Thanks for confirming!



> Power me up IEC also has an official accelerating endurance test procedure as shown in 7.4.1.2 at the link above. Maybe you should give that a closer look



Thanks for the links to those files!

It's interesting that for all of the "accelerated" tests, there is a full 24 hour rest on the 49th cycle - seems a bit odd to me if you're wanting the test to run in a reasonably short period of time! 
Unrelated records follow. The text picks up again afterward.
lemma reg_subdiff_norm_le:
  fixes f :: "'n::finite vec \<Rightarrow> real"
  assumes v: "v \<in> reg_subdiff f u" and calm: "\<forall>\<^sub>F y in at u. f y \<le> f u + G * norm (y - u)"
  shows "norm v \<le> G"
proof (rule field_le_epsilon)
  fix e :: real assume "e > 0"
  with v have "\<forall>\<^sub>F y in at u. - e * norm (y - u) \<le> f y - f u - v \<bullet> (y - u)"
    by (simp add: reg_subdiff_def)
  with calm have ineq: "\<forall>\<^sub>F y in at u. v \<bullet> (y - u) \<le> (G + e) * norm (y - u)"
    by eventually_elim (simp add: algebra_simps)
  define d :: "'n vec" where "d = (if v = 0 then 1 else v)"
  have "d \<noteq> 0" by (simp add: d_def vec_eq_iff)
  from eventually_at_right_0_ray[OF this ineq] eventually_at_right_less[of 0]
  have "\<forall>\<^sub>F s in at_right 0. 0 < s \<and> s * (v \<bullet> d) \<le> s * ((G + e) * norm d)"
    by eventually_elim (simp add: mult.assoc mult.left_commute)
  then obtain s where "0 < s" "s * (v \<bullet> d) \<le> s * ((G + e) * norm d)"
    using eventually_happens'[OF trivial_limit_at_right_real] by blast
  then have "v \<bullet> d \<le> (G + e) * norm d" by simp
  then show "norm v \<le> G + e"
  proof (cases "v = 0")
    case True
    then show ?thesis using \<open>v \<bullet> d \<le> (G + e) * norm d\<close> \<open>d \<noteq> 0\<close>
      by (simp add: zero_le_mult_iff)
  next
    case False
    then have "norm v * norm v \<le> norm v * (G + e)"
      using \<open>v \<bullet> d \<le> (G + e) * norm d\<close>
      by (simp add: d_def power2_norm_eq_inner[symmetric] power2_eq_square mult.commute)
    then show ?thesis using False by simp
  qed
qed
The testing that I've been doing is closest to 7.4.1.2.3 with the following main differences:

* I'm not doing a 16 hour 0.1C charge for cycle 1.
* I'm not doing the 24 hour rest on the 49th cycle. 
* I'm also discharging down to 0.9V instead of 1.0V 
* I'm giving shorter rest periods.

Looks like the specified ambient temperature is 20 degrees C +/- 5 degrees. Cell surface temperatures are to be kept below 35 degrees C with forced air cooling if required to keep them below that limit.


----------



## Power Me Up (Oct 28, 2014)

Rosoku Chikara said:


> Far be from me to stop you from conducting more tests based on JIS C8708, but frankly I don't see what we are going to accomplish. I am readily willing to posit the fact that I will only get 200 cycles, or so, from my Eneloop Pros. I didn't purchase them for their cycles.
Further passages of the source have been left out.